Ihsan A. Qazi, Zohaib Khan, Abdullah Ghani, Agha A. Raza, Zafar A. Qazi, Wassay Sajjad, Ayesha Ali, Asher Javaid, Muhammad Abdullah Sohail, Abdul H. Azeemi

Outline

This paper systematically evaluates nine existing large-scale language models (LLMs) using 5,000 claims evaluated by 174 expert fact-checking organizations in 47 languages. LLMs are evaluated across a variety of categories (open/closed source, various sizes, various architectures, and inference-based). To test the models' generalization ability, we use four prompting strategies that reflect the interactions between citizen and expert fact-checkers and claims generated later than the training data. Based on over 240,000 human annotations, we find a phenomenon similar to the "Danning-Kruger effect," where small-scale models exhibit high confidence despite lower accuracy, while large-scale models exhibit high accuracy but lower confidence. This poses a risk of systematic bias in information verification, especially when small-scale models are used by under-resourced organizations. The performance gap is most pronounced for claims in languages other than English and from the Global South, potentially exacerbating existing information inequalities. These findings establish a multilingual benchmark for future research and provide policy rationale to ensure equitable access to reliable AI-assisted fact-checking.

Takeaways, Limitations

Takeaways:
Provides multilingual benchmarks of fact-checking performance across various LLMs.

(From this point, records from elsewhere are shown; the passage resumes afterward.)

(* A zero-one principle: a measurable set Z that occupies at most a fraction 1 - c of
   every set of a generating algebra is a null set (approximate Z by such a set). *)
lemma null_if_uniformly_sparse_on_algebra:
  assumes fin: "finite_measure P" and sP: "sets P = sigma_sets (space P) G"
    and alg: "algebra (space P) G" and Z: "Z \<in> sets P" and c: "0 < c" "c \<le> 1"
    and sparse: "\<And>B. B \<in> G \<Longrightarrow> measure P (B \<inter> Z) \<le> (1 - c) * measure P B"
  shows "measure P Z = 0"
proof -
  interpret finite_measure P by fact
  have Gs: "G \<subseteq> sets P" using sP by auto
  have "c * measure P Z \<le> 0 + e" if e: "0 < e" for e
  proof -
    define h where "h = e / 2"
    have h: "0 < h" "e = 2 * h" using e by (simp_all add: h_def)
    obtain B where B: "B \<in> G" and Bd: "measure P ((Z - B) \<union> (B - Z)) < h"
      using approx_by_generating_algebra[OF fin sP alg Z h(1)] by auto
    have Bs: "B \<in> sets P" using B Gs by auto
    have ZB: "measure P (Z - B) < h"
      using Bd Bs Z finite_measure_mono[of "Z - B" "(Z - B) \<union> (B - Z)"] by auto
    have BZ: "measure P (B - Z) < h"
      using Bd Bs Z finite_measure_mono[of "B - Z" "(Z - B) \<union> (B - Z)"] by auto
    have "measure P Z = measure P ((B \<inter> Z) \<union> (Z - B))"
      by (rule arg_cong[where f="measure P"]) auto
    also have "\<dots> \<le> measure P (B \<inter> Z) + measure P (Z - B)"
      using Bs Z by (intro measure_Un_le) auto
    finally have Z_split: "measure P Z \<le> measure P (B \<inter> Z) + measure P (Z - B)" .
    have "measure P B \<le> measure P Z + measure P (B - Z)"
      using Bs Z by (intro order_trans[OF finite_measure_mono measure_Un_le]) auto
    then have "(1 - c) * measure P B \<le> (1 - c) * (measure P Z + h)"
      using BZ c by (intro mult_left_mono) auto
    then have "measure P Z \<le> (1 - c) * (measure P Z + h) + h"
      using Z_split sparse[OF B] ZB by linarith
    moreover have "(1 - c) * (measure P Z + h) = measure P Z + h - c * measure P Z - c * h"
      by (simp add: algebra_simps)
    moreover have "0 \<le> c * h" using c h by simp
    ultimately show ?thesis using h by linarith
  qed
  then have "c * measure P Z \<le> 0" by (rule field_le_epsilon)
  then have "measure P Z \<le> 0" using c by (simp add: mult_le_0_iff)
  then show ?thesis using measure_nonneg[of P Z] by linarith
qed

lemma nonneg_quadratic_discriminant:
  fixes E2 e p :: real
  assumes nonneg: "\<And>l. 0 \<le> E2 - 2 * l * e + l^2 * p" and p: "0 \<le> p"
  shows "e^2 \<le> p * E2"
proof (cases "p = 0")
  case True
  have "e = 0"
  proof (rule ccontr)
    assume "e \<noteq> 0"
    have "0 \<le> E2 - 2 * ((E2 + 1) / (2 * e)) * e" using nonneg[of "(E2 + 1) / (2 * e)"] True by simp
    also have "\<dots> = -1" using \<open>e \<noteq> 0\<close> by (simp add: field_simps)
    finally show False by simp
  qed
  then show ?thesis using True by simp
next
  case False
  then have p: "p > 0" using p by simp
  have "0 \<le> E2 - 2 * (e / p) * e + (e / p)^2 * p" by (rule nonneg)
  also have "\<dots> = E2 - e^2 / p" using p by (simp add: field_simps power2_eq_square)
  finally have "e^2 / p \<le> E2" by simp
  then show ?thesis using p by (simp add: field_simps)
qed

We reveal a correlation between high confidence and low accuracy in small-scale models and low confidence and high accuracy in large-scale models.

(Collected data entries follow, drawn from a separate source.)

(* For every admissible $i$, $K^i\subseteq Z^i$, where $Z^i=\{V_\bullet\in\mathrm{Fl}(1^n,s-1)\mid V_{i-1}\subseteq\mathrm{im}(x)\subseteq V_n\subseteq x^{-1}V_{i-1}\}$.
   Context: Fix integers $n\ge 2$ and $s\ge n-1$, let $N=n+s-1$, and let $e_1,\dots,e_N$ be the standard basis of $\mathbb{C}^N$. Let $x:\mathbb{C}^N\to\mathbb{C}^N$ be the linear map with $xe_m=e_{m-(n-1)}$ for $n\le m\le 2n-2$ and $xe_m=0$ otherwise; thus $\mathrm{im}(x)=\mathrm{span}(e_1,\dots,e_{n-1})$. $x^{-1}V$ denotes the preimage of a subspace $V$ under $x$. $\mathrm{Fl}(1^n,s-1)$ is the variety of partial flags $V_\bullet=(0=V_0\subset V_1\subset\cdots\subset V_n\subset\mathbb{C}^N)$ with $\dim V_j=j$. The $\Delta$-Springer fiber is $Y=\{V_\bullet\in\mathrm{Fl}(1^n,s-1)\mid \mathrm{im}(x)\subseteq V_n,\ xV_j\subseteq V_j \text{ for all } j\}$. For distinct $w_1,\dots,w_n\in\{1,\dots,N\}$, the Schubert cell $X_w^\circ$ is the set of flags with $\dim(V_j\cap\mathrm{span}(e_1,\dots,e_m))=\#\{l\le j: w_l\le m\}$ for all $j,m$. An index $i$ is admissible if $1\le i\le n$ when $s>n-1$, and $2\le i\le n$ when $s=n-1$. For admissible $i$ put $w^{(i)}=(n-1,n-2,\dots,n-i+1,\,N,\,n-i,\dots,1)$ and let $K^i$ be the closure in $Y$ of $X^\circ_{w^{(i)}}\cap Y$. *)

theory Defs
  imports Complex_Main "HOL-Library.Function_Algebras"
begin

text \<open>Vectors of C^N are modelled as functions nat => complex vanishing outside {1..N}.
  Coordinate k of v is v k; e_m is ebasis m.\<close>

definition csc :: "complex \<Rightarrow> (nat \<Rightarrow> complex) \<Rightarrow> (nat \<Rightarrow> complex)" where
  "csc c v = (\<lambda>k. c * v k)"

abbreviation cspan :: "(nat \<Rightarrow> complex) set \<Rightarrow> (nat \<Rightarrow> complex) set" where
  "cspan \<equiv> module.span csc"
abbreviation csubspace :: "(nat \<Rightarrow> complex) set \<Rightarrow> bool" where
  "csubspace \<equiv> module.subspace csc"
abbreviation cdependent :: "(nat \<Rightarrow> complex) set \<Rightarrow> bool" where
  "cdependent \<equiv> module.dependent csc"
abbreviation cdim :: "(nat \<Rightarrow> complex) set \<Rightarrow> nat" where
  "cdim \<equiv> vector_space.dim csc"

definition bigN :: "nat \<Rightarrow> nat \<Rightarrow> nat" where
  "bigN n s = n + s - 1"

definition CN :: "nat \<Rightarrow> (nat \<Rightarrow> complex) set" where
  "CN N = {v. \<forall>k. k \<notin> {1..N} \<longrightarrow> v k = 0}"

definition ebasis :: "nat \<Rightarrow> nat \<Rightarrow> complex" where
  "ebasis m = (\<lambda>k. if k = m then 1 else 0)"

text \<open>The nilpotent map x: x e_m = e_(m-(n-1)) for n <= m <= 2n-2, x e_m = 0 otherwise.
  In coordinates: (x v)_k = v_(k+n-1) for 1 <= k <= n-1 and 0 otherwise.\<close>
definition xmap :: "nat \<Rightarrow> (nat \<Rightarrow> complex) \<Rightarrow> (nat \<Rightarrow> complex)" where
  "xmap n v = (\<lambda>k. if 1 \<le> k \<and> k \<le> n - 1 then v (k + (n - 1)) else 0)"

definition im_x :: "nat \<Rightarrow> nat \<Rightarrow> (nat \<Rightarrow> complex) set" where
  "im_x n s = xmap n ` CN (bigN n s)"

definition xpre :: "nat \<Rightarrow> nat \<Rightarrow> (nat \<Rightarrow> complex) set \<Rightarrow> (nat \<Rightarrow> complex) set" where
  "xpre n s V = {v \<in> CN (bigN n s). xmap n v \<in> V}"

text \<open>A partial flag V_0 \<subset> ... \<subset> V_n in C^N is a function j \<mapsto> V j; by convention V j = {} for j > n.\<close>
definition Fl :: "nat \<Rightarrow> nat \<Rightarrow> (nat \<Rightarrow> (nat \<Rightarrow> complex) set) set" where
  "Fl n s = {V. (\<forall>j\<le>n. csubspace (V j) \<and> V j \<subseteq> CN (bigN n s) \<and> cdim (V j) = j)
              \<and> (\<forall>j<n. V j \<subseteq> V (Suc j)) \<and> (\<forall>j>n. V j = {})}"

definition Yfib :: "nat \<Rightarrow> nat \<Rightarrow> (nat \<Rightarrow> (nat \<Rightarrow> complex) set) set" where
  "Yfib n s = {V \<in> Fl n s. im_x n s \<subseteq> V n \<and> (\<forall>j\<le>n. xmap n ` V j \<subseteq> V j)}"

definition schubert_cell :: "nat \<Rightarrow> nat \<Rightarrow> (nat \<Rightarrow> nat) \<Rightarrow> (nat \<Rightarrow> (nat \<Rightarrow> complex) set) set" where
  "schubert_cell n s w = {V \<in> Fl n s. \<forall>j\<le>n. \<forall>m\<le>bigN n s.
      cdim (V j \<inter> cspan (ebasis ` {1..m})) = card {l \<in> {1..j}. w l \<le> m}}"

definition wi :: "nat \<Rightarrow> nat \<Rightarrow> nat \<Rightarrow> nat \<Rightarrow> nat" where
  "wi n s i l = (if l < i then n - l else if l = i then bigN n s else n + 1 - l)"

definition admissible :: "nat \<Rightarrow> nat \<Rightarrow> nat \<Rightarrow> bool" where
  "admissible n s i = ((s > n - 1 \<and> 1 \<le> i \<and> i \<le> n) \<or> (s = n - 1 \<and> 2 \<le> i \<and> i \<le> n))"

text \<open>Classical topology on the flag variety, via adapted bases: b_1..b_n linearly
  independent in C^N determine the flag V_j = span(b_1..b_j).\<close>
definition valid_basis :: "nat \<Rightarrow> nat \<Rightarrow> (nat \<Rightarrow> nat \<Rightarrow> complex) \<Rightarrow> bool" where
  "valid_basis n s b = ((\<forall>l\<in>{1..n}. b l \<in> CN (bigN n s)) \<and> inj_on b {1..n}
                        \<and> \<not> cdependent (b ` {1..n}))"

definition flag_of :: "nat \<Rightarrow> (nat \<Rightarrow> nat \<Rightarrow> complex) \<Rightarrow> nat \<Rightarrow> (nat \<Rightarrow> complex) set" where
  "flag_of n b = (\<lambda>j. if j \<le> n then cspan (b ` {1..j}) else {})"

text \<open>Closure of S inside Y for the classical (analytic) topology of the flag variety:
  limits of sequences of flags in S, where convergence of flags means convergence of
  suitable adapted bases (the quotient map from adapted bases to flags is open).\<close>
definition closure_in_Y :: "nat \<Rightarrow> nat \<Rightarrow> (nat \<Rightarrow> (nat \<Rightarrow> complex) set) set
                              \<Rightarrow> (nat \<Rightarrow> (nat \<Rightarrow> complex) set) set" where
  "closure_in_Y n s S = {V \<in> Yfib n s. \<exists>b bk. valid_basis n s b \<and> flag_of n b = V
      \<and> (\<forall>k. valid_basis n s (bk k) \<and> flag_of n (bk k) \<in> S)
      \<and> (\<forall>l\<in>{1..n}. \<forall>c. (\<lambda>k. bk k l c) \<longlonglongrightarrow> b l c)}"

definition Kcomp :: "nat \<Rightarrow> nat \<Rightarrow> nat \<Rightarrow> (nat \<Rightarrow> (nat \<Rightarrow> complex) set) set" where
  "Kcomp n s i = closure_in_Y n s (schubert_cell n s (wi n s i) \<inter> Yfib n s)"

definition Zcomp :: "nat \<Rightarrow> nat \<Rightarrow> nat \<Rightarrow> (nat \<Rightarrow> (nat \<Rightarrow> complex) set) set" where
  "Zcomp n s i = {V \<in> Fl n s. V (i - 1) \<subseteq> im_x n s \<and> im_x n s \<subseteq> V n
                   \<and> V n \<subseteq> xpre n s (V (i - 1))}"

end

theory Submission
  imports Defs
begin

text \<open>
  Let W be a flag in the cell of w^(i) inside Y and write C^m for span(e_1, ..., e_m).
  The rank conditions of the cell say dim (W_j \<inter> C^m) = j - [i \<le> j] for n - 1 \<le> m < N.
  Comparing dimensions gives W_(i-1) \<subseteq> C^(n-1) = im x, W_(i-1) = W_i \<inter> C^(n-1) and
  W_n \<inter> C^(N-1) = im x, and W_i contains a vector v with v_N \<noteq> 0. As x vanishes on im x,
  every u \<in> W_n has x u \<in> span (x v) \<subseteq> W_i \<inter> im x = W_(i-1). So the cell meets Y inside Z^i,
  and it remains to see that both conditions pass to limits of adapted bases: the first
  coordinatewise, the second because a limit of vectors lying in the spans of convergent
  families with linearly independent limits lies in the span of the limit family.
\<close>

interpretation cv: vector_space csc
  by unfold_locales (auto simp: csc_def fun_eq_iff algebra_simps)

section \<open>Coordinate subspaces\<close>

lemma subspace_CN: "csubspace (CN m)"
  unfolding cv.subspace_def CN_def by (auto simp: csc_def zero_fun_def)

lemma ebasis_in_CN: "k \<in> {1..m} \<Longrightarrow> ebasis k \<in> CN m"
  unfolding CN_def ebasis_def by auto

lemma span_ebasis: "cspan (ebasis ` {1..m}) = CN m"
proof
  show "cspan (ebasis ` {1..m}) \<subseteq> CN m"
    by (rule cv.span_minimal) (auto simp: subspace_CN ebasis_in_CN)
  show "CN m \<subseteq> cspan (ebasis ` {1..m})"
  proof (induction m)
    case 0
    have "CN 0 = {0}"
      by (auto simp: CN_def zero_fun_def)
    then show ?case by (simp add: cv.span_zero)
  next
    case (Suc m)
    show ?case
    proof
      fix v assume v: "v \<in> CN (Suc m)"
      have "v - csc (v (Suc m)) (ebasis (Suc m)) \<in> CN m"
        using v by (auto simp: CN_def ebasis_def csc_def)
      then have "v \<in> cspan (insert (ebasis (Suc m)) (ebasis ` {1..m}))"
        using Suc.IH by (auto simp: cv.span_insert)
      then show "v \<in> cspan (ebasis ` {1..Suc m})"
        by (simp add: atLeastAtMostSuc_conv)
    qed
  qed
qed

lemma independent_ebasis: "\<not> cdependent (ebasis ` M)"
proof
  assume "cdependent (ebasis ` M)"
  then obtain k where "ebasis k \<in> cspan (ebasis ` M - {ebasis k})"
    by (auto simp: cv.dependent_def)
  moreover have "cspan (ebasis ` M - {ebasis k}) \<subseteq> {v. v k = 0}"
    by (rule cv.span_minimal) (auto simp: cv.subspace_def csc_def ebasis_def)
  ultimately show False
    by (auto simp: ebasis_def)
qed

lemma dim_CN: "cdim (CN m) = m"
proof -
  have "cdim (CN m) = card (ebasis ` {1..m})"
    by (metis span_ebasis cv.dim_span cv.dim_eq_card_independent independent_ebasis)
  moreover have "inj_on ebasis {1..m}"
    by (auto simp: inj_on_def ebasis_def fun_eq_iff)
  ultimately show ?thesis
    by (simp add: card_image)
qed

lemma finite_independent_in_CN:
  assumes "\<not> cdependent B" and "B \<subseteq> CN m"
  shows "finite B"
  using cv.independent_span_bound[of "ebasis ` {1..m}" B] assms span_ebasis by auto

lemma subspace_dim_equal_CN:
  assumes U: "csubspace U" and T: "csubspace T" and UT: "U \<subseteq> T" and TC: "T \<subseteq> CN m"
    and dim: "cdim T \<le> cdim U"
  shows "U = T"
proof (rule ccontr)
  assume "U \<noteq> T"
  then obtain t where t: "t \<in> T" "t \<notin> U"
    using UT by auto
  obtain B where B: "B \<subseteq> U" "\<not> cdependent B" "U \<subseteq> cspan B" "card B = cdim U"
    using cv.basis_exists by blast
  obtain B' where B': "B' \<subseteq> T" "\<not> cdependent B'" "T \<subseteq> cspan B'" "card B' = cdim T"
    using cv.basis_exists by blast
  have "finite B"
    using finite_independent_in_CN[of B m] B(1,2) UT TC by blast
  have "finite B'"
    using finite_independent_in_CN[of B' m] B'(1,2) TC by blast
  have "t \<notin> cspan B"
    using B U t cv.span_minimal by blast
  then have "\<not> cdependent (insert t B)"
    using B(2) cv.independent_insertI by blast
  moreover have "insert t B \<subseteq> cspan B'"
    using B' B UT t cv.span_superset by blast
  ultimately have "card (insert t B) \<le> card B'"
    using cv.independent_span_bound[OF \<open>finite B'\<close>] by blast
  moreover have "t \<notin> B"
    using t B by auto
  ultimately show False
    using \<open>finite B\<close> B B' dim by simp
qed

lemma CN_limit:
  assumes "\<And>k. v k \<in> CN m" and "\<And>x. (\<lambda>k. v k x) \<longlonglongrightarrow> v0 x"
  shows "v0 \<in> CN m"
  unfolding CN_def
proof (intro CollectI allI impI)
  fix x assume "x \<notin> {1..m}"
  then have "(\<lambda>k. v k x) = (\<lambda>k. 0)"
    using assms(1) by (auto simp: CN_def)
  then have "(\<lambda>k. v k x) \<longlonglongrightarrow> 0"
    by simp
  then show "v0 x = 0"
    using assms(2) LIMSEQ_unique by blast
qed

lemma CN_pred:
  assumes "v \<in> CN m" and "v m = 0"
  shows "v \<in> CN (m - 1)"
proof -
  have "v k = 0" if "k \<notin> {1..m - 1}" for k
    using assms that by (cases "k = m") (auto simp: CN_def)
  then show ?thesis
    by (simp add: CN_def)
qed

It raises the possibility of systematic bias in fact-checking efforts by under-resourced agencies.
Highlights the gap in fact-checking performance for the Global South and non-English languages.

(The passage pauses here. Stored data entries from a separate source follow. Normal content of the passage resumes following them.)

lemma norm2form_pair_matrix:
  assumes T: "pair_antisym T"
  shows "norm2form T = sqrt (\<Sum>p<6. \<Sum>q<6. (pair_matrix T p q)\<^sup>2)"
proof -
  have inner: "(\<Sum>k\<in>idx. \<Sum>l\<in>idx. (T i j k l)\<^sup>2) = 2 * (\<Sum>q<6. (T i j (pair_fst q) (pair_snd q))\<^sup>2)"
    if ij: "i \<in> idx" "j \<in> idx" for i j
  proof (rule sum_idx_pairs)
    show "(T i j l k)\<^sup>2 = (T i j k l)\<^sup>2" if "k \<in> idx" "l \<in> idx" for k l
      using pair_antisymD(2)[OF T ij that] by simp
    show "(T i j k k)\<^sup>2 = 0" if "k \<in> idx" for k
      using pair_antisymD(4)[OF T ij that that] by simp
  qed
  have outer: "(\<Sum>i\<in>idx. \<Sum>j\<in>idx. \<Sum>q<6. (T i j (pair_fst q) (pair_snd q))\<^sup>2)
      = 2 * (\<Sum>p<6. \<Sum>q<6. (T (pair_fst p) (pair_snd p) (pair_fst q) (pair_snd q))\<^sup>2)"
  proof (rule sum_idx_pairs)
    show "(\<Sum>q<6. (T j i (pair_fst q) (pair_snd q))\<^sup>2) = (\<Sum>q<6. (T i j (pair_fst q) (pair_snd q))\<^sup>2)"
      if "i \<in> idx" "j \<in> idx" for i j
      using pair_antisymD(1)[OF T that pair_in_idx] by (intro sum.cong) simp_all
    show "(\<Sum>q<6. (T i i (pair_fst q) (pair_snd q))\<^sup>2) = 0" if "i \<in> idx" for i
      using pair_antisymD(3)[OF T that that pair_in_idx] by simp
  qed
  show ?thesis
    by (simp add: norm2form_def inner outer pair_matrix_def flip: sum_distrib_left)
qed

lemma pair_matrix_sandwich:
  assumes P: "pair_antisym P" and T: "pair_antisym T" and pq: "p < 6" "q < 6"
  shows "pair_matrix (sandwich P T) p q
    = 4 * (\<Sum>r<6. \<Sum>s<6. pair_matrix P p r * pair_matrix T r s * pair_matrix P s q)"
proof -
  let ?i = "pair_fst p" and ?j = "pair_snd p" and ?k = "pair_fst q" and ?l = "pair_snd q"
  have ijkl: "?i \<in> idx" "?j \<in> idx" "?k \<in> idx" "?l \<in> idx"
    using pq by (simp_all add: pair_in_idx)
  define h where "h a b = (\<Sum>s<6. T a b (pair_fst s) (pair_snd s) * pair_matrix P s q)" for a b
  have inner: "(\<Sum>c\<in>idx. \<Sum>d\<in>idx. T a b c d * P c d ?k ?l) = 2 * h a b"
    if ab: "a \<in> idx" "b \<in> idx" for a b
  proof -
    have "(\<Sum>c\<in>idx. \<Sum>d\<in>idx. T a b c d * P c d ?k ?l)
        = 2 * (\<Sum>s<6. T a b (pair_fst s) (pair_snd s) * P (pair_fst s) (pair_snd s) ?k ?l)"
    proof (rule sum_idx_pairs)
      show "T a b d c * P d c ?k ?l = T a b c d * P c d ?k ?l" if "c \<in> idx" "d \<in> idx" for c d
        using pair_antisymD(2)[OF T ab that] pair_antisymD(1)[OF P that ijkl(3,4)] by simp
      show "T a b c c * P c c ?k ?l = 0" if "c \<in> idx" for c
        using pair_antisymD(4)[OF T ab that that] by simp
    qed
    then show ?thesis
      by (simp add: h_def pair_matrix_def)
  qed
  have "pair_matrix (sandwich P T) p q = (\<Sum>a\<in>idx. \<Sum>b\<in>idx. P ?i ?j a b * (2 * h a b))"
    unfolding pair_matrix_def sandwich_def
    by (intro sum.cong refl) (simp add: inner[symmetric] sum_distrib_left mult.assoc)
  also have "\<dots> = 2 * (\<Sum>r<6. P ?i ?j (pair_fst r) (pair_snd r) * (2 * h (pair_fst r) (pair_snd r)))"
  proof (rule sum_idx_pairs)
    show "P ?i ?j b a * (2 * h b a) = P ?i ?j a b * (2 * h a b)" if "a \<in> idx" "b \<in> idx" for a b
      using pair_antisymD(2)[OF P ijkl(1,2) that] pair_antisymD(1)[OF T that pair_in_idx]
      by (simp add: h_def sum_negf)
    show "P ?i ?j a a * (2 * h a a) = 0" if "a \<in> idx" for a
      using pair_antisymD(4)[OF P ijkl(1,2) that that] by simp
  qed
  also have "\<dots> = 4 * (\<Sum>r<6. \<Sum>s<6. pair_matrix P p r * pair_matrix T r s * pair_matrix P s q)"
    by (simp add: h_def pair_matrix_def sum_distrib_left sum_distrib_right mult_ac)
  finally show ?thesis .
qed

definition wedge :: "(nat \<Rightarrow> real) \<Rightarrow> (nat \<Rightarrow> real) \<Rightarrow> nat \<Rightarrow> real" where
  "wedge x y r = x (pair_fst r) * y (pair_snd r) - x (pair_snd r) * y (pair_fst r)"

lemma gram_eq_sum_wedge:
  "inner4 x x * inner4 y y - (inner4 x y)\<^sup>2 = (\<Sum>r<6. (wedge x y r)\<^sup>2)"
  by (simp add: inner4_def wedge_def sum_idx sum_lessThan_6 power2_eq_square algebra_simps)

lemma lin_indep2_of_coords:
  assumes "i \<in> idx" "j \<in> idx" "x i = 0" "x j \<noteq> 0" "y i \<noteq> 0" "y j = 0"
  shows "lin_indep2 x y"
  unfolding lin_indep2_def
proof (intro allI impI)
  fix a b
  assume "\<forall>t\<in>idx. a * x t + b * y t = 0"
  then have "a * x i + b * y i = 0" "a * x j + b * y j = 0"
    using assms(1,2) by blast+
  with assms(3-6) show "a = 0 \<and> b = 0"
    by simp
qed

Provides a basis for policymaking to ensure equitable access to AI-assisted fact-checking.
Limitations:
The 5,000 claims used in this study may not be fully representative of all types of information and language.
There may be a lack of detailed analysis of other factors that affect LLM performance (e.g., data quality, model training method).
There is a need to track changes in LLM performance over a long-term perspective.